I feel ashamed to admit having grown up in the United States, garnered high school, undergrad, and graduate degrees, including a minor in history, and still didn’t know about Sundown Towns. Let me correct that, I didn’t know how prevalent they were/are.  Born and raised in Central Indiana, I knew certain communities were adverse towards minorities,particularly black   Americans. But, I had no idea how many communities across the country were outright hateful towards them and did nearly anything they could, both legal and illegal, to prevent them from residing within their limits after dark.

Perhaps I should not be so hard on myself, though. As James. W. Loewen, the author of Sundown Towns: A Hidden Dimension of American Racism so aptly stated in 2005;

“The absence of prior work on sundown towns is troubling. Omitted events usually signify hidden fault lines in our culture. If a given community has not admitted on its landscape to have been a sundown town in the past, that may be partly because it has not yet developed good race relations in the present. It follows that America may not have admitted to having sundown towns in its history books because it has not yet developed good race relations as a society.” (emphasis added)

These hidden fault lines have once again came to the forefront due to a rash of deadly police shootings of minorities and offensive rhetoric made during the 2016 election cycle.
Even as kids back in the 1970s, many of us knew that the exurb of Martinsville, located southwest of Indianapolis, was particularly hostile towards black Americans.

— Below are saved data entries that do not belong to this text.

(* Let $f:\mathbb{R}^n\to\mathbb{R}$ be differentiable, $\mu$-strongly convex, with $L$-Lipschitz gradient $\nabla f$, and let $x^*$ be its unique minimizer. Suppose the estimators $G^t$ are independent versions of an unbiased estimator $G$ of $\nabla f$, and that $G$ is $L$-Lipschitz continuous almost surely. Let $\mathcal{E}^t$ denote the event that $\|G^t(x^t)\|_\infty\le\eta$. Then the iterates of SMGD satisfy $$\mathbb{E}\left[\|x^{t+1}-x^*\|_2^2\,\middle|\,x^t,\mathcal{E}^t\right]\le\Big(1-\frac{2\alpha\mu}{\eta}\Big)\|x^t-x^*\|_2^2+\frac{L\alpha^2\sqrt{n}}{\eta}\|x^t-x^*\|_2+\frac{\alpha^2}{\eta}\,\mathbb{E}\left[\|G^t(x^* )\|_1\,\middle|\,x^t,\mathcal{E}^t\right].$$
   Context: A differentiable $f$ is $\mu$-strongly convex if $\langle\nabla f(x)-\nabla f(y),x-y\rangle\ge\mu\|x-y\|_2^2$ for all $x,y$. SMGD: Let $\alpha>0$, $\eta>0$, $x^0\in\alpha\mathbb{Z}^n$. At step $t$ a random vector $G^t(x^t)\in\mathbb{R}^n$ is drawn; then for each coordinate $i$, conditionally on $G^t$ and $x^t$, $\Delta^t_i\in\{0,1\}$ is Bernoulli with $\mathbb{P}[\Delta^t_i=1\mid G^t,x^t]=\min(|G^t(x^t)_i|/\eta,1)$, and $x^{t+1}_i=x^t_i-\alpha\,\mathrm{sgn}(G^t(x^t)_i)\Delta^t_i$. A random function $G$ is an unbiased estimator of $\nabla f$ if $\mathbb{E}[G(x)]=\nabla f(x)$ for all $x$. Standing assumptions: $\{G^t\}$ are i.i.d. copies of $G$, each $G^t$ is independent of $x^t$, and $\mathbb{E}[G^t(x^t)\mid x^t,\mathcal{E}^t]=\nabla f(x^t)$. *)

theory Defs
  imports "HOL-Probability.Probability"
begin

definition l1norm :: "real^'n::finite \<Rightarrow> real" where
  "l1norm v = (\<Sum>i\<in>UNIV. \<bar>v $ i\<bar>)"

definition cond_exp_event :: "'a measure \<Rightarrow> 'a set \<Rightarrow> ('a \<Rightarrow> real) \<Rightarrow> real" where
  "cond_exp_event M E X = (\<integral>\<omega>. indicator E \<omega> * X \<omega> \<partial>M) / measure M E"

text \<open>Conditional law of the Bernoulli mask Delta of SMGD given the gradient sample g:
  independent coordinates, P[Delta_i = 1] = min(|g_i|/eta, 1).\<close>
definition smgd_delta_pmf :: "real \<Rightarrow> real^'n::finite \<Rightarrow> ('n \<Rightarrow> bool) pmf" where
  "smgd_delta_pmf \<eta> g = Pi_pmf UNIV False (\<lambda>i. bernoulli_pmf (min (\<bar>g $ i\<bar> / \<eta>) 1))"

definition smgd_update :: "real \<Rightarrow> real^'n::finite \<Rightarrow> real^'n \<Rightarrow> ('n \<Rightarrow> bool) \<Rightarrow> real^'n" where
  "smgd_update \<alpha> x g D = (\<chi> i. x $ i - \<alpha> * sgn (g $ i) * (if D i then 1 else 0))"

end

theory Submission
  imports Defs
begin

text \<open>Given the sample \<open>g\<close> with \<open>\<parallel>g\<parallel>\<^sub>\<infinity> \<le> \<eta>\<close>, the random step \<open>\<alpha> sgn(g\<^sub>i) \<Delta>\<^sub>i\<close> has mean
  \<open>\<alpha> g\<^sub>i / \<eta>\<close> and second moment \<open>\<alpha>\<^sup>2 \<bar>g\<^sub>i\<bar> / \<eta>\<close> in each coordinate, so the expected squared
  distance to \<open>x\<^sup>*\<close> after one step is exactly
  \<open>\<parallel>x - x\<^sup>*\<parallel>\<^sup>2 - 2\<alpha>/\<eta> \<langle>g, x - x\<^sup>*\<rangle> + \<alpha>\<^sup>2/\<eta> \<parallel>g\<parallel>\<^sub>1\<close>.
  Conditioning on \<open>\<E>\<close>, the inner product averages to \<open>\<langle>\<nabla>f(x), x - x\<^sup>*\<rangle> \<ge> \<mu> \<parallel>x - x\<^sup>*\<parallel>\<^sup>2\<close>
  (strong convexity with \<open>\<nabla>f(x\<^sup>*) = 0\<close>), while the Lipschitz property of \<open>G\<close> and
  \<open>\<parallel>v\<parallel>\<^sub>1 \<le> \<surd>n \<parallel>v\<parallel>\<^sub>2\<close> give \<open>\<parallel>G(x)\<parallel>\<^sub>1 \<le> \<parallel>G(x\<^sup>*)\<parallel>\<^sub>1 + \<surd>n L \<parallel>x - x\<^sup>*\<parallel>\<close>.\<close>

lemma gradient_eq_0_at_minimum:
  fixes f :: "'a::real_inner \<Rightarrow> real"
  assumes "(f has_derivative (\<lambda>h. g \<bullet> h)) (at x)" and "\<forall>y. f x \<le> f y"
  shows "g = 0"
proof -
  have "(\<lambda>h. g \<bullet> h) = (\<lambda>h. 0)"
    using differential_zero_maxmin[of x UNIV f "\<lambda>h. g \<bullet> h"] assms by auto
  then have "g \<bullet> g = 0" by metis
  then show ?thesis by simp
qed

lemma power2_norm_vec_eq_sum: "(norm (v::real^'n))\<^sup>2 = (\<Sum>i\<in>UNIV. (v $ i)\<^sup>2)"
  by (simp add: norm_vec_def L2_set_def sum_nonneg)

lemma l1norm_add_le: "l1norm (a + b) \<le> l1norm a + l1norm b"
  unfolding l1norm_def sum.distrib[symmetric] by (rule sum_mono) (simp add: abs_triangle_ineq)

lemma l1norm_le_sqrt_card_norm: "l1norm (v::real^'n::finite) \<le> sqrt (real CARD('n)) * norm v"
proof -
  have "(l1norm v)\<^sup>2 \<le> (\<Sum>i\<in>UNIV. \<bar>v $ i\<bar>\<^sup>2) * CARD('n)"
    unfolding l1norm_def by (rule sum_squared_le_sum_of_squares)
  also have "\<dots> = (sqrt (real CARD('n)) * norm v)\<^sup>2"
    by (simp add: power2_norm_vec_eq_sum power_mult_distrib)
  finally show ?thesis
    by (rule power2_le_imp_le) simp
qed

lemma l1norm_le_add_sqrt_card_norm_diff:
  "l1norm (a::real^'n::finite) \<le> l1norm b + sqrt (real CARD('n)) * norm (a - b)"
  using l1norm_add_le[of b "a - b"] l1norm_le_sqrt_card_norm[of "a - b"] by simp

lemma integrable_l1norm:
  fixes V :: "'w \<Rightarrow> real^'n::finite"
  assumes "integrable M V"
  shows "integrable M (\<lambda>\<omega>. l1norm (V \<omega>))"
proof -
  have "integrable M (\<lambda>\<omega>. V \<omega> $ i)" for i
    using integrable_inner_left[OF assms, of "axis i 1"] by (simp add: inner_axis)
  then show ?thesis
    unfolding l1norm_def by (intro Bochner_Integration.integrable_sum integrable_abs)
qed

lemma expectation_bernoulli_sign_step_sq:
  assumes "\<bar>g\<bar> \<le> \<eta>" and "\<eta> > 0"
  shows "measure_pmf.expectation (bernoulli_pmf (\<bar>g\<bar> / \<eta>))
           (\<lambda>b. (a - \<alpha> * sgn g * (if b then 1 else 0))\<^sup>2)
         = a\<^sup>2 - 2 * \<alpha> / \<eta> * (g * a) + \<alpha>\<^sup>2 / \<eta> * \<bar>g\<bar>"
proof -
  have "measure_pmf.expectation (bernoulli_pmf (\<bar>g\<bar> / \<eta>))
          (\<lambda>b. (a - \<alpha> * sgn g * (if b then 1 else 0))\<^sup>2)
        = (a - \<alpha> * sgn g)\<^sup>2 * (\<bar>g\<bar> / \<eta>) + a\<^sup>2 * (1 - \<bar>g\<bar> / \<eta>)"
    using assms by (subst integral_bernoulli_pmf) auto
  also have "\<dots> = a\<^sup>2 - 2 * \<alpha> / \<eta> * (g * a) + \<alpha>\<^sup>2 / \<eta> * \<bar>g\<bar>"
    using assms by (cases "g > 0"; cases "g < 0") (auto simp: field_simps power2_eq_square sgn_if)
  finally show ?thesis .
qed

lemma expectation_smgd_update_dist_sq:
  fixes g x y :: "real^'n::finite"
  assumes "\<eta> > 0" and "\<And>i. \<bar>g $ i\<bar> \<le> \<eta>"
  shows "measure_pmf.expectation (smgd_delta_pmf \<eta> g) (\<lambda>D. (norm (smgd_update \<alpha> x g D - y))\<^sup>2)
         = (norm (x - y))\<^sup>2 - 2 * \<alpha> / \<eta> * (g \<bullet> (x - y)) + \<alpha>\<^sup>2 / \<eta> * l1norm g"
proof -
  let ?P = "smgd_delta_pmf \<eta> g"
  let ?step = "\<lambda>i b. ((x - y) $ i - \<alpha> * sgn (g $ i) * (if b then 1 else 0))\<^sup>2"
  have "finite (set_pmf ?P)"
    by (rule finite_subset[of _ UNIV]) auto
  then have integrable: "integrable ?P (\<lambda>D. ?step i (D i))" for i
    by (rule integrable_measure_pmf_finite)
  have marginal: "map_pmf (\<lambda>D. D i) ?P = bernoulli_pmf (\<bar>g $ i\<bar> / \<eta>)" for i
    using assms unfolding smgd_delta_pmf_def by (subst Pi_pmf_component) auto
  have "measure_pmf.expectation ?P (\<lambda>D. (norm (smgd_update \<alpha> x g D - y))\<^sup>2)
        = measure_pmf.expectation ?P (\<lambda>D. \<Sum>i\<in>UNIV. ?step i (D i))"
    by (simp add: power2_norm_vec_eq_sum smgd_update_def algebra_simps)
  also have "\<dots> = (\<Sum>i\<in>UNIV. measure_pmf.expectation ?P (\<lambda>D. ?step i (D i)))"
    using integrable by (rule Bochner_Integration.integral_sum)
  also have "\<dots> = (\<Sum>i\<in>UNIV. measure_pmf.expectation (bernoulli_pmf (\<bar>g $ i\<bar> / \<eta>)) (?step i))"
    by (simp flip: marginal add: integral_map_pmf)
  also have "\<dots> = (\<Sum>i\<in>UNIV. ((x - y) $ i)\<^sup>2 - 2 * \<alpha> / \<eta> * (g $ i * (x - y) $ i) + \<alpha>\<^sup>2 / \<eta> * \<bar>g $ i\<bar>)"
    using assms by (intro sum.cong refl expectation_bernoulli_sign_step_sq) auto
  also have "\<dots> = (norm (x - y))\<^sup>2 - 2 * \<alpha> / \<eta> * (g \<bullet> (x - y)) + \<alpha>\<^sup>2 / \<eta> * l1norm g"
    by (simp add: power2_norm_vec_eq_sum l1norm_def inner_vec_def sum.distrib sum_subtractf
        sum_distrib_left)
  finally show ?thesis .
qed

lemma cond_exp_event_cong:
  "(\<And>\<omega>. \<omega> \<in> E \<Longrightarrow> X \<omega> = Y \<omega>) \<Longrightarrow> cond_exp_event M E X = cond_exp_event M E Y"
  unfolding cond_exp_event_def by (metis indicator_simps mult_zero_left)

lemma cond_exp_event_add:
  assumes "E \<in> sets M" "integrable M X" "integrable M Y"
  shows "cond_exp_event M E (\<lambda>\<omega>. X \<omega> + Y \<omega>) = cond_exp_event M E X + cond_exp_event M E Y"
  using integrable_mult_indicator[OF assms(1,2)] integrable_mult_indicator[OF assms(1,3)]
  by (simp add: cond_exp_event_def distrib_left add_divide_distrib)

lemma cond_exp_event_diff:
  assumes "E \<in> sets M" "integrable M X" "integrable M Y"
  shows "cond_exp_event M E (\<lambda>\<omega>. X \<omega> - Y \<omega>) = cond_exp_event M E X - cond_exp_event M E Y"
  using integrable_mult_indicator[OF assms(1,2)] integrable_mult_indicator[OF assms(1,3)]
  by (simp add: cond_exp_event_def right_diff_distrib diff_divide_distrib)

But, it certainly was not alone. 
What I/we didn’t realize is how widespread the bigotry extended throughout Indiana, the Midwest, and Northern and Western states, generally. In fact, there were many more Sundown Towns north of the Mason-Dixon Line than south of it. This fact is especially saddening and shocking given how many northerners gave their lives during the Civil War in the fight against slavery and for freedom of our black brothers and sisters.
As the book Sundown Towns illustrates in vivid detail, the bigotry extended beyond color to religion, ethnicity, and national origin, as many communities also banned, overtly or covertly, Jews, Catholics, and immigrants from Mexico, China, and Southern/Eastern Europe.  While the “Nadir,” period between 1890 and 1940 is often cited as the low point in race, religious, and ethnic relations, many aspects of racism and bigotry continued well beyond those dates, often depicted today in the treatment and attitude towards Muslims and immigrants. 
With each page turn, I could only shake my head in disgust at the treatment of both our fellow citizens and of newcomers.

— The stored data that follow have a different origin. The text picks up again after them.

lemma norm_real_poly_eval_monic_even_ge:
  fixes a :: "'a::real_normed_field"
  assumes m: "0 \<le> m" and Q: "\<And>t u. m \<le> norm (a * a - of_real t * a + of_real u)"
  shows "lead_coeff g = 1 \<Longrightarrow> degree g = 2 * d \<Longrightarrow> m ^ d \<le> norm (real_poly_eval g a)"
proof (induction d arbitrary: g)
  case 0
  then have "g = [:1:]" by (metis coeff_pCons_0 degree_0_id mult_0_right)
  then show ?case by simp
next
  case (Suc d)
  then obtain t u h where gh: "g = [:u, -t, 1:] * h" using real_poly_quadratic_factor[of g] by auto
  have q0: "[:u, -t, 1:] \<noteq> 0" by simp
  have "g \<noteq> 0" using Suc.prems by auto
  then have h0: "h \<noteq> 0" using gh by auto
  have "degree g = 2 + degree h" using gh degree_mult_eq[OF q0 h0] by simp
  then have dh: "degree h = 2 * d" using Suc.prems by simp
  have "lead_coeff h = 1" using Suc.prems(1) gh lead_coeff_mult[of "[:u, -t, 1:]" h] by simp
  then have IH: "m ^ d \<le> norm (real_poly_eval h a)" using Suc.IH dh by blast
  have "norm (real_poly_eval g a) = norm (a * a - of_real t * a + of_real u) * norm (real_poly_eval h a)"
    unfolding gh real_poly_eval_mult real_poly_eval_quadratic norm_mult ..
  also have "\<dots> \<ge> m * m ^ d" using Q IH m by (intro mult_mono) auto
  finally show ?case by simp
qed

lemma linear_injective_lower_bound:
  fixes L :: "'e::euclidean_space \<Rightarrow> 'b::real_normed_vector"
  assumes lin: "linear L" and inj: "\<And>x. L x = 0 \<Longrightarrow> x = 0"
  shows "\<exists>B>0. \<forall>x. B * norm x \<le> norm (L x)"
proof -
  have bl: "bounded_linear L" using lin linear_conv_bounded_linear by blast
  obtain b :: 'e where b: "b \<in> Basis" using nonempty_Basis by blast
  have ne: "sphere (0::'e) 1 \<noteq> {}" using b by (auto intro!: exI[of _ b])
  have "continuous_on (sphere 0 1) (\<lambda>x. norm (L x))"
    using linear_continuous_on[OF bl] by (intro continuous_on_norm) auto
  then obtain x0 where x0: "x0 \<in> sphere 0 1" "\<And>y. y \<in> sphere 0 1 \<Longrightarrow> norm (L x0) \<le> norm (L y)"
    using continuous_attains_inf[OF compact_sphere ne] by blast
  have "x0 \<noteq> 0" using x0(1) by auto
  then have Bp: "norm (L x0) > 0" using inj by auto
  have "norm (L x0) * norm x \<le> norm (L x)" for x
  proof (cases "x = 0")
    case True then show ?thesis using linear_0[OF lin] by simp
  next
    case False
    have "(1 / norm x) *\<^sub>R x \<in> sphere 0 1" using False by simp
    then have "norm (L x0) \<le> norm (L ((1 / norm x) *\<^sub>R x))" using x0(2) by blast
    also have "\<dots> = norm (L x) / norm x" using linear_scale[OF lin] by simp
    finally show ?thesis using False by (simp add: field_simps)
  qed
  then show ?thesis using Bp by blast
qed

lemma monic_quadratic_power_diff_factor:
  fixes q :: "real poly"
  assumes q: "degree q = 2" "lead_coeff q = 1" and n: "n \<ge> 1"
  obtains G where "q ^ n - [:e ^ n:] = (q - [:e:]) * G" "degree G = 2 * (n - 1)" "lead_coeff G = 1"
proof -
  define G where "G = (\<Sum>i<n. [:e:] ^ (n - Suc i) * q ^ i)"
  have ce: "[:e:] ^ n = [:e ^ n:]" by (induction n) simp_all
  have fac: "q ^ n - [:e ^ n:] = (q - [:e:]) * G"
    unfolding G_def ce[symmetric] by (rule power_diff_sumr2)
  have q0: "q \<noteq> 0" using q by auto
  have dqn: "degree (q ^ n) = 2 * n" using degree_power_eq[OF q0, of n] q by simp
  have "q ^ n - [:e ^ n:] = q ^ n + (- [:e ^ n:])" by simp
  moreover have "degree (q ^ n + (- [:e ^ n:])) = degree (q ^ n)"
    by (rule degree_add_eq_left) (use dqn n in simp)
  ultimately have dD: "degree (q ^ n - [:e ^ n:]) = 2 * n" using dqn by metis
  have "coeff [:e ^ n:] (2 * n) = 0" using n by (cases "2 * n") auto
  then have lD: "lead_coeff (q ^ n - [:e ^ n:]) = 1"
    using dD dqn q lead_coeff_power[of q n] by simp
  have "q - [:e:] = q + (- [:e:])" by simp
  moreover have "degree (q + (- [:e:])) = degree q" by (rule degree_add_eq_left) (use q in simp)
  ultimately have dqe: "degree (q - [:e:]) = 2" using q by metis
  then have lqe: "lead_coeff (q - [:e:]) = 1" using q by (simp add: numeral_2_eq_2)
  have qe0: "q - [:e:] \<noteq> 0" using dqe by auto
  have G0: "G \<noteq> 0" using lD fac by auto
  have "degree G = 2 * (n - 1)"
    using dD fac degree_mult_eq[OF qe0 G0] dqe n by simp
  moreover have "lead_coeff G = 1"
    using lD lqe unfolding fac lead_coeff_mult by simp
  ultimately show thesis using fac that by blast
qed

context
  fixes a :: "'a::real_normed_field"
begin

definition quad :: "real \<times> real \<Rightarrow> 'a" where
  "quad z = a * a - of_real (fst z) * a + of_real (snd z)"

text \<open>The trick of Cassels: at a minimiser of \<open>norm (quad z)\<close>, with minimum value \<open>m\<close> and
  \<open>b = quad (t, u)\<close>, the quotient \<open>(b ^ n - e ^ n) / (b - e)\<close> is the value at \<open>a\<close> of a monic
  real polynomial of degree \<open>2 (n - 1)\<close>, a product of quadratics of the form \<open>quad\<close>; hence
  \<open>norm (b - e) * m ^ (n - 1) \<le> m ^ n + e ^ n\<close>, and \<open>n \<rightarrow> \<infinity>\<close> gives \<open>norm (b - e) \<le> m\<close>.\<close>
lemma quad_min_shift:
  assumes Q: "\<And>z. m \<le> norm (quad z)" and m: "m > 0" and tu: "norm (quad (t, u)) = m"
    and e: "0 < e" "e < m"
  shows "norm (quad (t, u - e)) = m"
proof -
  define b where "b = quad (t, u)"
  have bQ: "quad (t, u - e) = b - of_real e" unfolding b_def quad_def by (simp add: algebra_simps)
  have Qq: "\<And>t u. m \<le> norm (a * a - of_real t * a + of_real u)" using Q unfolding quad_def by force
  have bound: "norm (b - of_real e) * m ^ (n - 1) \<le> m ^ n + e ^ n" if n: "n \<ge> 1" for n
  proof -
    obtain G where fac: "[:u, -t, 1:] ^ n - [:e ^ n:] = ([:u, -t, 1:] - [:e:]) * G"
      and dG: "degree G = 2 * (n - 1)" and lG: "lead_coeff G = 1"
      using monic_quadratic_power_diff_factor[of "[:u, -t, 1:]" n e] n by auto
    have Gb: "m ^ (n - 1) \<le> norm (real_poly_eval G a)"
      using norm_real_poly_eval_monic_even_ge[OF _ Qq lG dG] m by simp
    have qb: "real_poly_eval [:u, -t, 1:] a = b"
      unfolding b_def quad_def real_poly_eval_quadratic by simp
    have "(b - of_real e) * real_poly_eval G a = b ^ n - of_real e ^ n"
      using arg_cong[OF fac, of "\<lambda>g. real_poly_eval g a"]
      unfolding real_poly_eval_diff real_poly_eval_mult real_poly_eval_power qb by simp
    then have "norm (b - of_real e) * norm (real_poly_eval G a) = norm (b ^ n - of_real e ^ n)"
      by (metis norm_mult)
    also have "\<dots> \<le> norm (b ^ n) + norm ((of_real e :: 'a) ^ n)" by (rule norm_triangle_ineq4)
    also have "\<dots> = m ^ n + e ^ n" using tu e unfolding b_def by (simp add: norm_power)
    finally show ?thesis
      using Gb by (meson mult_left_mono norm_ge_zero order_trans)
  qed
  have le: "norm (b - of_real e) \<le> m + m * (e / m) ^ n" if n: "n \<ge> 1" for n
  proof -
    have mn: "m ^ n = m * m ^ (n - 1)" using n by (cases n) auto
    have "e ^ n = m * m ^ (n - 1) * (e / m) ^ n"
      unfolding mn[symmetric] power_divide using m by simp
    then have "norm (b - of_real e) * m ^ (n - 1) \<le> (m + m * (e / m) ^ n) * m ^ (n - 1)"
      using bound[OF n] by (simp add: mn algebra_simps)
    then show ?thesis using m by (simp add: mult_le_cancel_right)
  qed
  have "(\<lambda>n. m + m * (e / m) ^ n) \<longlonglongrightarrow> m + m * 0"
    using e m by (intro tendsto_intros) auto
  then have "norm (b - of_real e) \<le> m"
    using le by (intro LIMSEQ_le_const[of "\<lambda>n. m + m * (e / m) ^ n"]) (auto intro: exI[of _ 1])
  moreover have "m \<le> norm (b - of_real e)" using Q[of "(t, u - e)"] bQ by simp
  ultimately show ?thesis using bQ by simp
qed

lemma quad_coercive:
  assumes notreal: "\<And>r. a \<noteq> of_real r"
  obtains B where "B > 0" "\<And>z. B * norm z - norm (a * a) \<le> norm (quad z)"
proof -
  define L where "L = (\<lambda>z::real \<times> real. of_real (snd z) - of_real (fst z) * a :: 'a)"
  have linL: "linear L" unfolding L_def
    by (rule linearI) (auto simp: algebra_simps scaleR_conv_of_real)
  have injL: "z = 0" if "L z = 0" for z
  proof (cases "fst z = 0")
    case True then show ?thesis using that unfolding L_def by (simp add: prod_eq_iff)
  next
    case False
    then have "a = of_real (snd z / fst z)" using that unfolding L_def by (simp add: field_simps)
    then show ?thesis using notreal by blast
  qed
  obtain B where B: "B > 0" "\<And>z. B * norm z \<le> norm (L z)"
    using linear_injective_lower_bound[OF linL injL] by blast
  have "quad z = a * a + L z" for z unfolding quad_def L_def by simp
  then have "B * norm z - norm (a * a) \<le> norm (quad z)" for z
    using B(2)[of z] norm_triangle_ineq2[of "L z" "- (a * a)"] by (simp add: add.commute)
  then show thesis using B(1) that by blast
qed

lemma quad_attains_min:
  assumes notreal: "\<And>r. a \<noteq> of_real r"
  obtains z0 where "\<And>z. norm (quad z0) \<le> norm (quad z)"
proof -
  obtain B where B: "B > 0" "\<And>z. B * norm z - norm (a * a) \<le> norm (quad z)"
    using quad_coercive[OF notreal] by blast
  have contF: "continuous_on S (\<lambda>z. norm (quad z))" for S
    unfolding quad_def by (intro continuous_intros)
  define R where "R = (norm (quad 0) + norm (a * a)) / B + 1"
  have R0: "R \<ge> 0" unfolding R_def using B by (simp add: divide_nonneg_nonneg)
  then have ne: "cball (0::real \<times> real) R \<noteq> {}" by simp
  from continuous_attains_inf[OF compact_cball ne contF]
  obtain z0 where z0: "z0 \<in> cball 0 R" "\<And>y. y \<in> cball 0 R \<Longrightarrow> norm (quad z0) \<le> norm (quad y)"
    by blast
  have "norm (quad z0) \<le> norm (quad y)" for y
  proof (cases "y \<in> cball 0 R")
    case False
    then have "B * norm y > B * R" using B by (simp add: dist_norm)
    also have "B * R = norm (quad 0) + norm (a * a) + B" unfolding R_def using B by (simp add: field_simps)
    finally have "norm (quad 0) < norm (quad y)" using B(2)[of y] B by linarith
    moreover have "norm (quad z0) \<le> norm (quad 0)" using z0(2)[of 0] R0 by simp
    ultimately show ?thesis by linarith
  qed (use z0 in blast)
  then show thesis using that by blast
qed

text \<open>Every element of a real normed field satisfies a real quadratic equation: otherwise the
  minimum of \<open>norm (quad z)\<close> is positive, and by \<open>quad_min_shift\<close> it would be attained
  along the whole unbounded ray \<open>(t, u - k e)\<close>, contradicting coercivity.\<close>
lemma real_quadratic_solvable: "\<exists>t u. a * a - of_real t * a + of_real u = 0"
proof (rule ccontr)
  assume nz: "\<not> ?thesis"
  have notreal: "a \<noteq> of_real r" for r
  proof
    assume "a = of_real r"
    then have "a * a - of_real (2 * r) * a + of_real (r * r) = 0" by (simp add: algebra_simps)
    then show False using nz by blast
  qed
  obtain B where B: "B > 0" "\<And>z. B * norm z - norm (a * a) \<le> norm (quad z)"
    using quad_coercive[OF notreal] by blast
  obtain z0 where zmin: "\<And>z. norm (quad z0) \<le> norm (quad z)"
    using quad_attains_min[OF notreal] by blast
  obtain t0 u0 where tu0: "z0 = (t0, u0)" by (cases z0)
  define m where "m = norm (quad z0)"
  have mpos: "m > 0" unfolding m_def using nz by (simp add: quad_def)
  define e where "e = m / 2"
  have e: "0 < e" "e < m" unfolding e_def using mpos by auto
  have ray: "norm (quad (t0, u0 - real k * e)) = m" for k
  proof (induction k)
    case 0 then show ?case unfolding m_def tu0 by simp
  next
    case (Suc k)
    have "norm (quad (t0, u0 - real k * e - e)) = m"
      using quad_min_shift[OF _ mpos Suc e] zmin unfolding m_def by blast
    then show ?case by (simp add: algebra_simps)
  qed
  obtain k :: nat where k: "((m + norm (a * a)) / B + \<bar>u0\<bar>) / e < real k"
    using reals_Archimedean2 by blast
  have "\<bar>u0 - real k * e\<bar> \<le> norm (t0, u0 - real k * e)"
    by (metis norm_snd_le real_norm_def snd_conv)
  then have "(m + norm (a * a)) / B < norm (t0, u0 - real k * e)"
    using k e by (simp add: field_simps)
  then have "m + norm (a * a) < B * norm (t0, u0 - real k * e)" using B by (simp add: field_simps)
  then show False using B(2)[of "(t0, u0 - real k * e)"] ray[of k] by linarith
qed

end

lemma square_eq_nonneg_real_imp_real:
  fixes x :: "'a::real_normed_field"
  assumes "x * x = of_real D" "D \<ge> 0"
  shows "\<exists>r. x = of_real r"
proof -
  have "sqrt D * sqrt D = D" using assms(2) by simp
  then have "of_real (sqrt D) * of_real (sqrt D) = (of_real D :: 'a)"
    by (simp only: of_real_mult[symmetric])
  then have "x * x = of_real (sqrt D) * of_real (sqrt D)" using assms(1) by simp
  then have "x = of_real (sqrt D) \<or> x = - of_real (sqrt D)" by (simp add: square_eq_iff)
  then show ?thesis
  proof
    assume "x = of_real (sqrt D)" then show ?thesis by blast
  next
    assume "x = - of_real (sqrt D)" then have "x = of_real (- sqrt D)" by simp
    then show ?thesis by blast
  qed
qed

lemma imaginary_unit_not_real:
  fixes j :: "'a::real_normed_field"
  assumes "j * j = -1"
  shows "j \<noteq> of_real x"
proof
  assume "j = of_real x"
  then have "of_real (x * x) = (of_real (-1) :: 'a)" using assms by simp
  then have "x * x = -1" using of_real_eq_iff by blast
  moreover have "x * x \<ge> 0" by simp
  ultimately show False by linarith
qed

When many communities went as far as posting signs at their gateway that bluntly told certain people that they better not be found in town after dark; when a town goes to the extent of blowing a whistle every evening at 6:00 pm as a warning to get out like Villa Park, Illinois did; or when another town goes as far as having the local sheriff board arriving passenger trains to tell undesired persons to move along and not get off here as they did in Manitowoc, Wisconsin, then something is horribly wrong and deeply racist about our society and culture. It’s not like these events took place 150 years ago, these happened in the 20th Century and certain communities remain hostile, though perhaps in more subtle ways, even today.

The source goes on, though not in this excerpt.